Понимая cogitatio и cogitare в смысле perceptio и percipere, Декарт хочет подчеркнуть, что к cogitare принадлежит презентация, преподнесение. Cogitare есть пре-доставление себе пред-ставляемого. В таком предо-ставлении есть нечто от задания меры, а именно необходимость, чтобы существовал какой-то признак того, что пред-ставляемое не просто вообще пред-дано, но предоставлено мне как нечто имеющееся в распоряжении. Человеку что-то предо-ставлено, получено им в пред-ставлении — cogitatum — поэтому только тогда, когда оно ему надежно обеспечено и чем он самостоятельно, внутри им контролируемой сферы, может каждый раз недвусмысленно, без опаски и сомнения, распоряжаться. Cogitare — не просто вообще какое-то неопределенное представление, а такое, которое само себе ставит условие, чтобы установленное им не допускало бы уже впредь никакого сомнения относительно того, чтó оно есть и каково оно.
Cogitare есть всегда некое «раздумье» в смысле со-мнения, а именно такого сомнения, которое думает признавать значимым только несомненное как достоверно установленное и в собственном смысле пред-ставленное. Cogitare есть по своему существу сомневающееся пред-ставление, перепроверяющее, не желающее просчитаться предоставление: cogitare есть dubitare. Поняв это «буквально», мы легко можем впасть в ошибку. Мыслить — не значит «сомневаться» в таком смысле, чтобы повсюду громоздить одни сомнения, любую позицию объявлять подозрительной и никогда не давать ничему согласия. Сомнение тут понимается, наоборот, как принципиальная ориентация на несомненную, недвусмысленную истину и на ее надежные гарантии. На что заранее и всегда нацелена такая сомневающаяся мысль, так это на прочную установленность представляемого внутри круга контроля и расчета. То, что всякое cogitare есть в своем существе dubitare, означает не что иное, как тождество предоставления и обеспечения. Мышление, по своему существу равное сомнению, не признает в качестве установленного и удостоверенного, т. е. истинного, ничего, что не удостоверено им же самим как нечто имеющее характер несомненности, — с чем мышление, равносильное сомнению, уже «справилось», над чем оно закончило свои расчеты.

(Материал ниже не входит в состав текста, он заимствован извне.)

(* For every $k\ge 3$ there exists a root $\lambda\in\mathbb{C}$ of the matching polynomial $\varphi(\mathrm{COMB}_k)$ such that $\lambda^k\notin\mathbb{R}$.
   Context: The $k$-comb $\mathrm{COMB}_k$ is the $k$-uniform hypergraph with vertex set $[k^2]$ and edge set consisting of the edge $[k]=\{1,\dots,k\}$ together with the $k$ edges $\{i+tk: 0\le t\le k-1\}$ for $i\in[k]$. A $t$-matching of a $k$-uniform hypergraph $H$ is a set of $t$ pairwise disjoint edges. The matching polynomial is $\varphi(H)=\sum_{i=0}^{m}(-1)^i|\mathcal{M}_i|\,x^{(m-i)k}$, where $\mathcal{M}_i$ is the set of $i$-matchings of $H$ and $m$ is the maximum size of a matching in $H$. (The paper phrases the conclusion as $\lambda\notin\mathbb{R}[\zeta_k]$, meaning $\lambda$ is not a $k$-th root of a real number.) *)

theory Defs
  imports "HOL-Computational_Algebra.Polynomial" Complex_Main
begin

text \<open>A hypergraph is given by its edge set (a set of vertex sets).
  The k-comb: vertex set [k^2], edges [k] and the "teeth" {i + t k : 0 <= t <= k-1}, i in [k].\<close>

definition comb_vertices :: "nat \<Rightarrow> nat set" where
  "comb_vertices k = {1..k^2}"

definition comb_edges :: "nat \<Rightarrow> nat set set" where
  "comb_edges k = insert {1..k} ((\<lambda>i. {i + t * k | t. t \<le> k - 1}) ` {1..k})"

definition matchings :: "'a set set \<Rightarrow> nat \<Rightarrow> 'a set set set" where
  "matchings E i = {M. M \<subseteq> E \<and> pairwise disjnt M \<and> card M = i}"

definition matching_number :: "'a set set \<Rightarrow> nat" where
  "matching_number E = Max {card M | M. M \<subseteq> E \<and> pairwise disjnt M}"

definition matching_poly :: "nat \<Rightarrow> 'a set set \<Rightarrow> complex poly" where
  "matching_poly k E = (let m = matching_number E in
     (\<Sum>i = 0..m. monom ((-1) ^ i * of_nat (card (matchings E i))) ((m - i) * k)))"

end

theory Submission
  imports Defs "HOL-Computational_Algebra.Fundamental_Theorem_Algebra"
begin

text \<open>The k teeth of the comb are pairwise disjoint and each meets the spine [k], so the
  i-matchings are the i-sets of teeth plus, for i = 1, the spine alone. Hence, with y = z^k,
  the matching polynomial evaluates to (y - 1)^k - y^(k-1). Substituting y = 1 + 1/v turns
  its zeros into the solutions of v (1 + v)^(k-1) = 1. This polynomial equation of degree k
  has k distinct solutions, but at most two real ones: on [-1, 0] the left side is
  nonpositive, and on each of x > 0 and x < -1 its absolute value is strictly monotone.
  So for k \<ge> 3 there is a nonreal solution v, and any k-th root z of 1 + 1/v is a zero of
  the matching polynomial with z^k = 1 + 1/v nonreal.\<close>

lemma card_roots_rsquarefree:
  fixes p :: "complex poly"
  assumes "rsquarefree p"
  shows "card {z. poly p z = 0} = degree p"
proof -
  have "p \<noteq> 0"
    using assms by (simp add: rsquarefree_def)
  then have "degree p = degree (\<Prod>z | poly p z = 0. [:-z, 1:])"
    by (subst (1) complex_poly_decompose_rsquarefree[OF assms, symmetric]) simp
  also have "\<dots> = card {z. poly p z = 0}"
    by (subst degree_prod_sum_eq) simp_all
  finally show ?thesis ..
qed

В понятии cogitatio акцентируется каждый раз то обстоятельство, что акт пред-ставления презентирует пред-ставленное пред-ставляющему, т. е. что этот последний в качестве представляющего «устанавливает» пред-ставляемое, принимает его в свои расчеты, т. е. останавливает и фиксирует для себя, берет в свое обладание, «обеспечивает» себе. Ради чего? Ради дальнейшего представления, задуманного всегда как обеспечение и нацеленного на фиксацию всего сущего как удостоверенного. Но что и для чего подлежит обеспечению, надежному гарантированию?